======== DATASET ENTRIES

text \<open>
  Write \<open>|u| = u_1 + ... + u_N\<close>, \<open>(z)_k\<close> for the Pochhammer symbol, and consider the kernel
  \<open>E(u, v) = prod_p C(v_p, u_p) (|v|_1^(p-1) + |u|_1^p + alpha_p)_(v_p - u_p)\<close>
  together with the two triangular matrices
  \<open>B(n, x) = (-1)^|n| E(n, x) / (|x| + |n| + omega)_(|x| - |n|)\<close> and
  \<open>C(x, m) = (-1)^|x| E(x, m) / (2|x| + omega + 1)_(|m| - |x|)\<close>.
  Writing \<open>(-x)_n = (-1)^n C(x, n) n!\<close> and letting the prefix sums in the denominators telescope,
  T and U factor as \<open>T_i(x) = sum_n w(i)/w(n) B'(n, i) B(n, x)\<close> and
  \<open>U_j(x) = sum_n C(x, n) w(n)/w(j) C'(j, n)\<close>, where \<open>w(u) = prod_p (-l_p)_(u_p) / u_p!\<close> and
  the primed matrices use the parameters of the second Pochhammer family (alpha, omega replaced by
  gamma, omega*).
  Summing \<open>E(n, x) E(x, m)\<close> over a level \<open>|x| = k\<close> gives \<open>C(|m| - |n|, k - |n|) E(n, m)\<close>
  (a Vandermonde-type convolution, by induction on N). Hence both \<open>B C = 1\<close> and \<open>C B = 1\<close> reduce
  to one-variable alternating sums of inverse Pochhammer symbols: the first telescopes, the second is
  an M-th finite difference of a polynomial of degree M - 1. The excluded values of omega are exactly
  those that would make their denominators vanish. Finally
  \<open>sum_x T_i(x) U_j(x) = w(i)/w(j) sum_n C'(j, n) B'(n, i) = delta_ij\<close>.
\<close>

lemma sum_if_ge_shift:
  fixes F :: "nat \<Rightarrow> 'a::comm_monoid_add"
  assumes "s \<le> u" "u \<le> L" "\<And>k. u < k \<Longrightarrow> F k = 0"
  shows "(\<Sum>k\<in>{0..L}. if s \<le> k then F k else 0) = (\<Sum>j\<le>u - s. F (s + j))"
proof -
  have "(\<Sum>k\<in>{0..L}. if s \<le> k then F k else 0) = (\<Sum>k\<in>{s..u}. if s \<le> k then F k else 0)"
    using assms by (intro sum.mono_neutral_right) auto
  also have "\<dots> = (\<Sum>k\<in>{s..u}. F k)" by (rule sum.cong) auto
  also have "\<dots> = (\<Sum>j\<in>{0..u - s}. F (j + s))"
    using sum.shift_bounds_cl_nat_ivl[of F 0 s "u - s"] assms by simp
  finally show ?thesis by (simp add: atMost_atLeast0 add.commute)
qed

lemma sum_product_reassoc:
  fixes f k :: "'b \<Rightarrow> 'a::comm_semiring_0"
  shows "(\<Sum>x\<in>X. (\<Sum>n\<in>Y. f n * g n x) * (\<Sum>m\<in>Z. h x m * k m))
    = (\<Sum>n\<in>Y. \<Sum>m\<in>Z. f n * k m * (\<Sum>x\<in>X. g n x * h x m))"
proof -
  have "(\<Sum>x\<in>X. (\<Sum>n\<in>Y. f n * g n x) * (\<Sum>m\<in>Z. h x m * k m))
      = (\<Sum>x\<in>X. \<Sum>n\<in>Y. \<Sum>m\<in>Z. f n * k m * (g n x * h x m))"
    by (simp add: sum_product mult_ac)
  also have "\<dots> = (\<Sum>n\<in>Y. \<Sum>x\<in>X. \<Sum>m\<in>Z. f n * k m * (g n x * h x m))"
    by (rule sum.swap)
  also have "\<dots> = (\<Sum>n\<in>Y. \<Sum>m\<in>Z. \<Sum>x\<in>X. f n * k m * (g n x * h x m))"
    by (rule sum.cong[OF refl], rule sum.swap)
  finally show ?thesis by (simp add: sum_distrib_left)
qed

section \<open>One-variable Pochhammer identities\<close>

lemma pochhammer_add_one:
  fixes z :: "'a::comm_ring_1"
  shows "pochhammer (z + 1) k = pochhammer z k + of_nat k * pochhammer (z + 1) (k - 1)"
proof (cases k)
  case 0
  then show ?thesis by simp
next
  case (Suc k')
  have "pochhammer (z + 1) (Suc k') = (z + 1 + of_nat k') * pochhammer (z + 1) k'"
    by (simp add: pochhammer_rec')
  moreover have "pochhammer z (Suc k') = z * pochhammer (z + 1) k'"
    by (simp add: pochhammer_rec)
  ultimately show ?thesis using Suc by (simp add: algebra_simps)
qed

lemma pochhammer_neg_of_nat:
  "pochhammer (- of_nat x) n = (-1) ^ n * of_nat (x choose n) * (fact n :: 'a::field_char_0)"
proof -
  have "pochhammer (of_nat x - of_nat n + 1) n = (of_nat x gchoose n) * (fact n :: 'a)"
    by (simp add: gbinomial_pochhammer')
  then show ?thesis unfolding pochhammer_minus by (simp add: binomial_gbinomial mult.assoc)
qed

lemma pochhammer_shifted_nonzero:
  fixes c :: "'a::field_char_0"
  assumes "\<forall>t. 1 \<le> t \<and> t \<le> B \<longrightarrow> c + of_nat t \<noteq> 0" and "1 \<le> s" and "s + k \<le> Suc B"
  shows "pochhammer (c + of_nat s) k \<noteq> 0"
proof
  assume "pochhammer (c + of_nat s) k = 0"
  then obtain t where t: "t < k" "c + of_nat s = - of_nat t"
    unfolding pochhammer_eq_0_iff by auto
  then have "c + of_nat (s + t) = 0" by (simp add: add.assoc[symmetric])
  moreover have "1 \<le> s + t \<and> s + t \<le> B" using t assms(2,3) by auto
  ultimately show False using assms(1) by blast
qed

================

Search the entries above for the word "assumes" and copy each line where it appears.

  assumes "s \<le> u" "u \<le> L" "\<And>k. u < k \<Longrightarrow> F k = 0"
  assumes "\<forall>t. 1 \<le> t \<and> t \<le> B \<longrightarrow> c + of_nat t \<noteq> 0" and "1 \<le> s" and "s + k \<le> Suc B"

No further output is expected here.